# [TRY IT]
The answer must be a single number: the count of lines in the listing that hold the string "exists".

# [GIVEN INFORMATION]

lemma realization_normalize:
  assumes "is_realization X ch Q" "u \<in> X" "m \<in> X" "M \<in> X" "distinct3 u m M"
    and succ: "\<And>z. z \<in> X - {u, m} \<Longrightarrow> ch u m z = 1"
    and pred: "\<And>z. z \<in> X - {u, M} \<Longrightarrow> ch M u z = 1"
  obtains R where "is_realization X ch R" "R u = (0, 1)" "R m = (0, 0)" "R M = (1, 0)"
    "\<And>z. z \<in> X \<Longrightarrow> snd (R z) \<le> 1"
proof -
  have "ch u m M = 1"
    using succ[of M] assms(4,5) by (auto simp: distinct3_def)
  then have "orient (Q u) (Q m) (Q M) > 0"
    using is_realizationD(2)[OF assms(1-5)] by simp
  then have pos: "orient (Q m) (Q M) (Q u) > 0"
    by (metis orient_cycle)
  define R where "R = frame_coords (Q m) (Q M) (Q u) \<circ> Q"
  have R: "is_realization X ch R"
  proof (rule is_realization_rescale[OF assms(1)])
    fix x y z
    show "\<exists>k>0. orient (R x) (R y) (R z) = k * orient (Q x) (Q y) (Q z)"
      using pos by (intro exI[of _ "1 / orient (Q m) (Q M) (Q u)"])
        (simp add: R_def orient_frame_coords)
  qed
  have frame: "R u = (0, 1)" "R m = (0, 0)" "R M = (1, 0)"
    using frame_coords_frame pos by (simp_all add: R_def)
  have "snd (R z) \<le> 1" if z: "z \<in> X" for z
  proof (cases "z \<in> {u, m, M}")
    case True
    then show ?thesis using frame by auto
  next
    case False
    then have "distinct3 u m z" "distinct3 M u z"
      using assms(5) by (auto simp: distinct3_def)
    moreover have "ch u m z = 1" "ch M u z = 1"
      using succ pred z False by auto
    ultimately have "orient (R u) (R m) (R z) > 0" "orient (R M) (R u) (R z) > 0"
      using is_realizationD(2)[OF R assms(2,3) z] is_realizationD(2)[OF R assms(4,2) z]
      by simp_all
    then show ?thesis
      using frame by (simp add: orient_def)
  qed
  with R frame show thesis
    using that by blast
qed

lemma realization_lines_miss_vertical_segment:
  assumes "finite X" "is_realization X ch R" "u \<in> X" "R u = (0, 1)"
  obtains d where "d > 0" "\<And>a b y. a \<in> X - {u} \<Longrightarrow> b \<in> X - {u} \<Longrightarrow> a \<noteq> b \<Longrightarrow>
    dist y 1 < d \<Longrightarrow> orient (R a) (R b) (0, y) \<noteq> 0"
proof -
  define S where "S = {(a, b). a \<in> X - {u} \<and> b \<in> X - {u} \<and> a \<noteq> b}"
  have at_1: "orient (R a) (R b) (0, 1) \<noteq> 0" if "(a, b) \<in> S" for a b
    using is_realizationD(1)[OF assms(2), of a b u] that assms(3,4)
    by (auto simp: S_def distinct3_def)
  have "finite S"
    using assms(1) by (auto simp: S_def intro: finite_subset[of _ "X \<times> X"])
  then have "\<forall>\<^sub>F y in at 1. \<forall>(a, b)\<in>S. orient (R a) (R b) (0, y) \<noteq> 0"
  proof (rule eventually_ball_finite, clarify)
    fix a b assume "(a, b) \<in> S"
    have "((\<lambda>y. orient (R a) (R b) (0, y)) \<longlongrightarrow> orient (R a) (R b) (0, 1)) (at 1)"
      unfolding orient_def by (intro tendsto_intros)
    then show "\<forall>\<^sub>F y in at 1. orient (R a) (R b) (0, y) \<noteq> 0"
      using at_1[OF \<open>(a, b) \<in> S\<close>] by (rule tendsto_imp_eventually_ne)
  qed
  then obtain d where d: "d > 0"
    "\<And>y. y \<noteq> 1 \<Longrightarrow> dist y 1 < d \<Longrightarrow> \<forall>(a, b)\<in>S. orient (R a) (R b) (0, y) \<noteq> 0"
    by (auto simp: eventually_at)
  show thesis
  proof (rule that[OF d(1)])
    fix a b and y :: real
    assume "a \<in> X - {u}" "b \<in> X - {u}" "a \<noteq> b" "dist y 1 < d"
    then show "orient (R a) (R b) (0, y) \<noteq> 0"
      using at_1[of a b] d(2)[of y] by (cases "y = 1") (auto simp: S_def)
  qed
qed

text \<open>A projective map fixing \<open>(0, 0)\<close>, \<open>(1, 0)\<close> and \<open>(0, 1)\<close> that sends the line
  \<open>y = 1 + d\<close> to infinity: the segment from \<open>(0, 1)\<close> to \<open>(0, 1 + d)\<close> becomes the whole
  upward ray from \<open>(0, 1)\<close>.\<close>
definition squeeze :: "real \<Rightarrow> real \<times> real \<Rightarrow> real \<times> real" where
  "squeeze d p = ((1 + d) * fst p / (1 + d - snd p), d * snd p / (1 + d - snd p))"

lemma squeeze_frame:
  assumes "d > 0"
  shows "squeeze d (0, 0) = (0, 0)" "squeeze d (1, 0) = (1, 0)" "squeeze d (0, 1) = (0, 1)"
  using assms by (simp_all add: squeeze_def)

lemma squeeze_vertical:
  assumes "d > 0" "d + t > 0"
  shows "squeeze d (0, (1 + d) * t / (d + t)) = (0, t)"
proof -
  have "1 + d - (1 + d) * t / (d + t) = d * (1 + d) / (d + t)"
    using assms(2) by (simp add: field_simps)
  with assms show ?thesis
    by (simp add: squeeze_def)
qed

lemma orient_squeeze:
  assumes "snd a \<noteq> 1 + d" "snd b \<noteq> 1 + d" "snd c \<noteq> 1 + d"
  shows "orient (squeeze d a) (squeeze d b) (squeeze d c) =
    d * (1 + d)\<^sup>2 * orient a b c / ((1 + d - snd a) * (1 + d - snd b) * (1 + d - snd c))"
  using assms unfolding squeeze_def
  by (simp add: orient_homogeneous) (simp add: orient_def power2_eq_square algebra_simps)

lemma is_realization_squeeze:
  assumes "is_realization X ch R" "d > 0" "\<And>z. z \<in> X \<Longrightarrow> snd (R z) < 1 + d"
  shows "is_realization X ch (squeeze d \<circ> R)"
  using assms(1)
proof (rule is_realization_rescale)
  fix x y z assume "x \<in> X" "y \<in> X" "z \<in> X" "distinct3 x y z"
  then have "1 + d - snd (R x) > 0" "1 + d - snd (R y) > 0" "1 + d - snd (R z) > 0"
    using assms(3) by force+
  with assms(2) show "\<exists>k>0. orient ((squeeze d \<circ> R) x) ((squeeze d \<circ> R) y) ((squeeze d \<circ> R) z) =
      k * orient (R x) (R y) (R z)"
    by (intro exI[of _ "d * (1 + d)\<^sup>2 /
        ((1 + d - snd (R x)) * (1 + d - snd (R y)) * (1 + d - snd (R z)))"])
      (simp add: orient_squeeze)
qed

lemma upward_ray_disjoint_line_through_squeeze:
  assumes "d > 0" "snd a < 1 + d" "snd b < 1 + d"
    and "\<And>y. 1 \<le> y \<Longrightarrow> y < 1 + d \<Longrightarrow> orient a b (0, y) \<noteq> 0"
  shows "upward_ray (0, 1) \<inter> line_through (squeeze d a) (squeeze d b) = {}"
proof (rule ccontr)
  assume "upward_ray (0, 1) \<inter> line_through (squeeze d a) (squeeze d b) \<noteq> {}"
  then obtain t where t: "t \<ge> 1" and "(0, t) \<in> line_through (squeeze d a) (squeeze d b)"
    by (fastforce simp: upward_ray_def)
  moreover define y where "y = (1 + d) * t / (d + t)"
  moreover have "d + t > 0"
    using assms(1) t by linarith
  ultimately have on_line: "orient (squeeze d a) (squeeze d b) (squeeze d (0, y)) = 0"
    using squeeze_vertical[OF \<open>d > 0\<close>] orient_eq_0_if_in_line_through by simp
  have "d * 1 \<le> d * t"
    using assms(1) t by (intro mult_left_mono) auto
  with \<open>d + t > 0\<close> have y_ge: "1 \<le> y"
    by (simp add: y_def le_divide_eq algebra_simps)
  have y_less: "y < 1 + d"
    using \<open>d + t > 0\<close> assms(1)
    by (simp add: y_def divide_less_eq algebra_simps) (metis add_pos_pos mult_pos_pos)
  with on_line assms(1-3) have "orient a b (0, y) = 0"
    by (simp add: orient_squeeze)
  with assms(4) y_ge y_less show False
    by blast
qed

lemma realization_squeeze_clears_upward_ray:
  assumes "finite X" "is_realization X ch R" "u \<in> X" "R u = (0, 1)"
    and "\<And>z. z \<in> X \<Longrightarrow> snd (R z) \<le> 1"
  obtains d where "d > 0" "is_realization X ch (squeeze d \<circ> R)"
    "\<And>a b. a \<in> X - {u} \<Longrightarrow> b \<in> X - {u} \<Longrightarrow> a \<noteq> b \<Longrightarrow>
      upward_ray (0, 1) \<inter> line_through (squeeze d (R a)) (squeeze d (R b)) = {}"
proof -
  obtain d where d: "d > 0" and lines: "\<And>a b y. a \<in> X - {u} \<Longrightarrow> b \<in> X - {u} \<Longrightarrow> a \<noteq> b \<Longrightarrow>
      dist y 1 < d \<Longrightarrow> orient (R a) (R b) (0, y) \<noteq> 0"
    using realization_lines_miss_vertical_segment[OF assms(1-4)] by blast
  have below: "snd (R z) < 1 + d" if "z \<in> X" for z
    using assms(5)[OF that] d by linarith
  show thesis
  proof (rule that[OF d])
    show "is_realization X ch (squeeze d \<circ> R)"
      using assms(2) d below by (rule is_realization_squeeze)
  next
    fix a b assume "a \<in> X - {u}" "b \<in> X - {u}" "a \<noteq> b"
    then show "upward_ray (0, 1) \<inter> line_through (squeeze d (R a)) (squeeze d (R b)) = {}"
      by (intro upward_ray_disjoint_line_through_squeeze d below lines) (auto simp: dist_real_def)
  qed
qed

theorem lemma2p4:
  fixes X :: "'a set" and ch :: "'a chi" and u :: 'a
  assumes "finite X" and "card X \<ge> 3"
    and "rooted_chirotope X ch u"
    and "realizable X ch"
  shows "\<exists>P. is_realization X ch P \<and>
           P u = (0, 1) \<and> P (hull_succ X ch u) = (0, 0) \<and> P (hull_pred X ch u) = (1, 0) \<and>
           (\<forall>x\<in>X - {u}. \<forall>y\<in>X - {u}. x \<noteq> y \<longrightarrow>
               upward_ray (P u) \<inter> line_through (P x) (P y) = {})"
proof -
  obtain Q where Q: "is_realization X ch Q"
    using assms(4) by (auto simp: realizable_def)
  have ch: "chirotope X ch" and u: "extreme X ch u" "u \<in> X"
    using assms(3) by (auto simp: rooted_chirotope_def extreme_def)
  obtain m M where mM: "m \<in> X" "M \<in> X" "distinct3 u m M"
    and succ: "\<And>z. z \<in> X - {u, m} \<Longrightarrow> ch u m z = 1"
    and pred: "\<And>z. z \<in> X - {u, M} \<Longrightarrow> ch M u z = 1"
    using extreme_hull_neighbours[OF assms(1,2) Q u(1)] by blast
  have hull: "hull_succ X ch u = m" "hull_pred X ch u = M"
    using hull_succ_eqI[OF ch u(2) mM(1) _ succ] hull_pred_eqI[OF ch u(2) mM(2) _ pred] mM(3)
    by (auto simp: distinct3_def)
  obtain R where R: "is_realization X ch R" "R u = (0, 1)" "R m = (0, 0)" "R M = (1, 0)"
    and below: "\<And>z. z \<in> X \<Longrightarrow> snd (R z) \<le> 1"
    using realization_normalize[OF Q u(2) mM succ pred] by blast
  obtain d where "d > 0" "is_realization X ch (squeeze d \<circ> R)"
    "\<And>a b. a \<in> X - {u} \<Longrightarrow> b \<in> X - {u} \<Longrightarrow> a \<noteq> b \<Longrightarrow>
      upward_ray (0, 1) \<inter> line_through (squeeze d (R a)) (squeeze d (R b)) = {}"
    using realization_squeeze_clears_upward_ray[OF assms(1) R(1) u(2) R(2) below] by blast
  then show ?thesis
    using R(2-4) squeeze_frame hull by (intro exI[of _ "squeeze d \<circ> R"]) auto
qed

end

# [OUTPUT OF THE EXERCISE]
3